There is a time of day, after their naps, when my brain slumps against my skull. One hour and twelve minutes before I will pick up the phone and say ‘Where are you?’ In my ear the hideous sea creatures wail, ignored on the rug. No matter what cleaning may have taken place earlier, I am surrounded by garish debris and tiny pieces of unidentifiable carbohydrate. On the days where my fingers tingle and judder with exhaustion I lie down in surrender. The biggest one tells me I need to ‘have the black hair’ so I can ‘see the animals properly’. Chewed plastic tines scrape my scalp in a way that would be invigorating if done at something less than breakneck speed. I look ‘beautiful’ now, apparently.
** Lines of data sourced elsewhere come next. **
(* For every $n\ge0$, the triples $(\mathrm{fix},\mathrm{dez},\mathrm{maz})$ and $(\mathrm{fix},\mathrm{des},\mathrm{maj})$ are equidistributed over $\mathfrak S_n$, i.e. for all integers $a,b,c$, $$\#\{\sigma\in\mathfrak S_n:(\mathrm{fix},\mathrm{dez},\mathrm{maz})\sigma=(a,b,c)\}=\#\{\sigma\in\mathfrak S_n:(\mathrm{fix},\mathrm{des},\mathrm{maj})\sigma=(a,b,c)\}.$$ Moreover, the three triples $(\mathrm{fix},\mathrm{exc},\mathrm{maz})$, $(\mathrm{fix},\mathrm{exc},\mathrm{maj})$ and $(\mathrm{fix},\mathrm{exc},\mathrm{maf})$ are equidistributed over $\mathfrak S_n$.
   Context: Permutations $\sigma\in\mathfrak S_n$ are written as words $\sigma(1)\cdots\sigma(n)$. For a word $w=x_1\cdots x_n$ of nonnegative integers: $\mathrm{DES}\,w=\{i:1\le i\le n-1,\ x_i>x_{i+1}\}$, $\mathrm{des}\,w=\#\mathrm{DES}\,w$, $\mathrm{maj}\,w=\sum_{i\in\mathrm{DES}\,w}i$; $\mathrm{Zero}\,w=\{i:x_i=0\}$, $\mathrm{zero}\,w=\#\mathrm{Zero}\,w$; $\mathrm{Pos}\,w$ is the subword of positive letters; $\mathrm{mafz}\,w=\sum_{i\in\mathrm{Zero}\,w}i-\sum_{i=1}^{\mathrm{zero}\,w}i+\mathrm{maj}\,\mathrm{Pos}\,w$. These apply to permutations as words. $\mathrm{fix}\,\sigma$ is the number of fixed points, $\mathrm{exc}\,\sigma=\#\{i:\sigma(i)>i\}$. $\mathrm{ZDer}(\sigma)=x_1\cdots x_n$ where $x_i=0$ if $\sigma(i)=i$ and $x_i=\mathrm{red}(\sigma(i))$ otherwise, $\mathrm{red}$ being the increasing bijection from the set of non-fixed points of $\sigma$ onto $\{1,\dots,m\}$, $m=n-\mathrm{fix}\,\sigma$. Then $\mathrm{dez}\,\sigma=\mathrm{des}\,\mathrm{ZDer}(\sigma)$, $\mathrm{maz}\,\sigma=\mathrm{maj}\,\mathrm{ZDer}(\sigma)$, $\mathrm{maf}\,\sigma=\mathrm{mafz}\,\mathrm{ZDer}(\sigma)$. *)

theory Defs
  imports "HOL-Combinatorics.Permutations"
begin

text \<open>Words are lists of natural numbers; positions are 1-indexed as in the paper,
  so the letter at position i of w is w ! (i - 1).\<close>

definition DES :: "nat list \<Rightarrow> nat set" where
  "DES w = {i. 1 \<le> i \<and> i \<le> length w - 1 \<and> w ! (i - 1) > w ! i}"

definition des :: "nat list \<Rightarrow> nat" where
  "des w = card (DES w)"

definition maj :: "nat list \<Rightarrow> nat" where
  "maj w = (\<Sum>i\<in>DES w. i)"

definition Zero :: "nat list \<Rightarrow> nat set" where
  "Zero w = {i. 1 \<le> i \<and> i \<le> length w \<and> w ! (i - 1) = 0}"

definition zero :: "nat list \<Rightarrow> nat" where
  "zero w = card (Zero w)"

definition Pos :: "nat list \<Rightarrow> nat list" where
  "Pos w = filter (\<lambda>x. x > 0) w"

definition mafz :: "nat list \<Rightarrow> nat" where
  "mafz w = (\<Sum>i\<in>Zero w. i) - (\<Sum>i=1..zero w. i) + maj (Pos w)"

definition pword :: "nat \<Rightarrow> (nat \<Rightarrow> nat) \<Rightarrow> nat list" where
  "pword n \<sigma> = map \<sigma> [1..<n+1]"

definition fix_pts :: "nat \<Rightarrow> (nat \<Rightarrow> nat) \<Rightarrow> nat" where
  "fix_pts n \<sigma> = card {i \<in> {1..n}. \<sigma> i = i}"

definition exc :: "nat \<Rightarrow> (nat \<Rightarrow> nat) \<Rightarrow> nat" where
  "exc n \<sigma> = card {i \<in> {1..n}. \<sigma> i > i}"

text \<open>red: increasing bijection from the non-fixed points onto {1..m}.\<close>
definition red :: "nat \<Rightarrow> (nat \<Rightarrow> nat) \<Rightarrow> nat \<Rightarrow> nat" where
  "red n \<sigma> k = card {j \<in> {1..n}. \<sigma> j \<noteq> j \<and> j \<le> k}"

definition ZDer :: "nat \<Rightarrow> (nat \<Rightarrow> nat) \<Rightarrow> nat list" where
  "ZDer n \<sigma> = map (\<lambda>i. if \<sigma> i = i then 0 else red n \<sigma> (\<sigma> i)) [1..<n+1]"

definition dez :: "nat \<Rightarrow> (nat \<Rightarrow> nat) \<Rightarrow> nat" where
  "dez n \<sigma> = des (ZDer n \<sigma>)"

definition maz :: "nat \<Rightarrow> (nat \<Rightarrow> nat) \<Rightarrow> nat" where
  "maz n \<sigma> = maj (ZDer n \<sigma>)"

definition maf :: "nat \<Rightarrow> (nat \<Rightarrow> nat) \<Rightarrow> nat" where
  "maf n \<sigma> = mafz (ZDer n \<sigma>)"

end

theory Submission
  imports Defs
begin

text \<open>
  \<^const>\<open>ZDer\<close> is a bijection from the permutations of \<open>{1..n}\<close> onto the words of
  length \<open>n\<close> whose positive letters form a derangement of \<open>{1..m}\<close>: the zeros are the
  fixed points, the excedances of \<open>\<sigma>\<close> are those of this derangement, and the descents of
  \<open>\<sigma>\<close> are the descents of \<^term>\<open>ZDer n \<sigma>\<close> for the order on letters in which \<open>0\<close> lies
  below the excedance values and above the other positive letters.  The usual order, with
  \<open>0\<close> lowest, is turned into this one by moving the non-excedance values \<open>t = 1, 2, \<dots>\<close>
  below \<open>0\<close> one at a time; each move is matched by the bijection that slides the letter
  \<open>t\<close> through its block of zeros, which fixes the positive subword.  Hence the descent set
  of \<^term>\<open>ZDer n \<sigma>\<close> and that of \<open>\<sigma>\<close> are equidistributed jointly with the positive subword,
  which carries \<open>fix\<close> and \<open>exc\<close>.

  For \<open>maf\<close>: on the words with given positive subword \<open>v\<close> of length \<open>m\<close> and \<open>z\<close> zeros, both
  maj and mafz have generating function \<open>q\<^bsup>maj v\<^esup> [z + m choose m]\<^sub>q\<close>, as follows from the
  two Pascal recursions for the Gaussian coefficients by removing the last letter.
\<close>

section \<open>Descent sets with respect to an arbitrary relation\<close>

definition DES_wrt :: "('a \<Rightarrow> 'a \<Rightarrow> bool) \<Rightarrow> 'a list \<Rightarrow> nat set" where
  "DES_wrt R w = {i. 1 \<le> i \<and> i \<le> length w - 1 \<and> R (w ! (i - 1)) (w ! i)}"
(* Let $T>0$, let $\eta$ be a low path of type $w_0$, ${\bf i}=(i_1,\dots,i_m)$ a reduced word for $w_0$ and $(t_1,\dots,t_m)\in\mathbb R_{>0}^m$. There is a unique $\pi\in\mathcal C_0([0,T],\mathfrak a)$ such that, writing $\eta_0=\pi$ and $\eta_j=e^{-\infty}_{s_{i_1}\cdots s_{i_j}}\pi$: $e^{-\infty}_{w_0}\pi=\eta$, $\eta_j=e^{-\infty}_{\alpha_{i_j}}\eta_{j-1}$, and $t_j=1/\int_0^Te^{-\alpha_{i_j}(\eta_{j-1}(s))}ds$ for $j=1,\dots,m$. It is given by $\pi=T_z\eta$ with $z=x_{i_1}(t_1)\cdots x_{i_m}(t_m)$.
   Context: $G$ is a simply-connected complex semisimple Lie group, $\Delta=\{\alpha_i\}$ simple roots, $\mathfrak a$ the real Cartan subalgebra, $(e_\alpha,f_\alpha,\alpha^\vee)$ Chevalley generators, $x_i(t)=\exp(te_{\alpha_i})$, $W$ the Weyl group with length $\ell$ and longest element $w_0$. $\rho^\vee=\sum_\alpha\omega^\vee_\alpha$, $(\omega^\vee_\alpha)$ the basis of $\mathfrak a$ dual to the simple roots. Constants $c_w$: $c_e=0$, and $c_w=s_\alpha c_u-\log((u\alpha)(\rho^\vee))\alpha^\vee$ whenever $w=us_\alpha$, $\ell(w)=\ell(u)+1$ (independent of decomposition). A low path of type $w$ is a continuous $\pi:[0,T)\to\mathfrak a$ with $\pi(0)=0$ and $\pi(t)=C_\pi+\log(T-t)(\rho^\vee-w^{-1}\rho^\vee)+c_w+o(1)$ as $t\to T$ for some $C_\pi\in\mathfrak a$. $e^{-\infty}_\alpha\pi(t)=\pi(t)+\log(1-\int_0^te^{-\alpha(\pi)}/\int_0^Te^{-\alpha(\pi)})\alpha^\vee$, $0\le t<T$; $e^{-\infty}_w=e^{-\infty}_{\alpha_{j_l}}\circ\cdots\circ e^{-\infty}_{\alpha_{j_1}}$ for reduced $w=s_{j_1}\cdots s_{j_l}$. For $c>0$, $T_{x_\alpha(c)}\eta(t)=\eta(t)+\log(1+c\int_0^te^{-\alpha(\eta(s))}ds)\alpha^\vee$, and $T_z=T_{x_{i_1}(t_1)}\circ\cdots\circ T_{x_{i_m}(t_m)}$ for $z=x_{i_1}(t_1)\cdots x_{i_m}(t_m)$ (equivalently $T_z\eta(t)=\log[zB_t(\eta)]_0$, with $[\cdot]_0$ the torus part of the Gauss decomposition and $B_t$ the flow $B_t(\eta)=\big(\sum_k\sum_{j}\int_{t\ge t_k\ge\dots\ge t_1\ge0}e^{-\sum_r\alpha_{j_r}(\eta(t_r))}f_{j_1}\cdots f_{j_k}\big)e^{\eta(t)}$). $\mathcal C_0([0,T],\mathfrak a)$: continuous paths on $[0,T]$ with $\pi(0)=0$. *)

theory Defs
  imports "HOL-Analysis.Analysis"
begin

text \<open>Coordinates: the real Cartan subalgebra a is identified with real^'n, 'n indexing
the simple roots, via x |-> (alpha_i(x))_i.  So alpha_i(x) = x$i, the coroot alpha_i^vee
has coordinates (alpha_j(alpha_i^vee))_j = row i of the Cartan matrix A
(A$i$j = alpha_j(alpha_i^vee)), and rho^vee = (1,...,1).\<close>

definition cartan_finite :: "real^'n^'n \<Rightarrow> bool" where
  "cartan_finite A \<longleftrightarrow>
     (\<forall>i. A$i$i = 2) \<and> (\<forall>i j. i \<noteq> j \<longrightarrow> A$i$j \<le> 0) \<and> (\<forall>i j. A$i$j \<in> \<int>) \<and>
     (\<exists>d::real^'n. (\<forall>i. d$i > 0) \<and> (\<forall>i j. d$i * A$i$j = d$j * A$j$i) \<and>
        (\<forall>x::real^'n. x \<noteq> 0 \<longrightarrow> (\<Sum>i\<in>UNIV. \<Sum>j\<in>UNIV. x$i * d$i * A$i$j * x$j) > 0))"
I wouldn’t personally have chosen fringe brushed straight up as a go-to style, but what do I know. I stare at your as-yet undeparted train on my phone. One hour and two minutes. Yes, I would like a cup of tea. Twelve pompom sugars. Might take the edge off the robot ABC song. Maybe I could hack the offending light-up laptop to say ‘Please be gentle’ at four-second intervals. I try to nuzzle the smallest wispy head but I can’t smell him now. His sharp gums rake my nipples with dissatisfaction. Small fat fingers grasp at me, needing endlessly.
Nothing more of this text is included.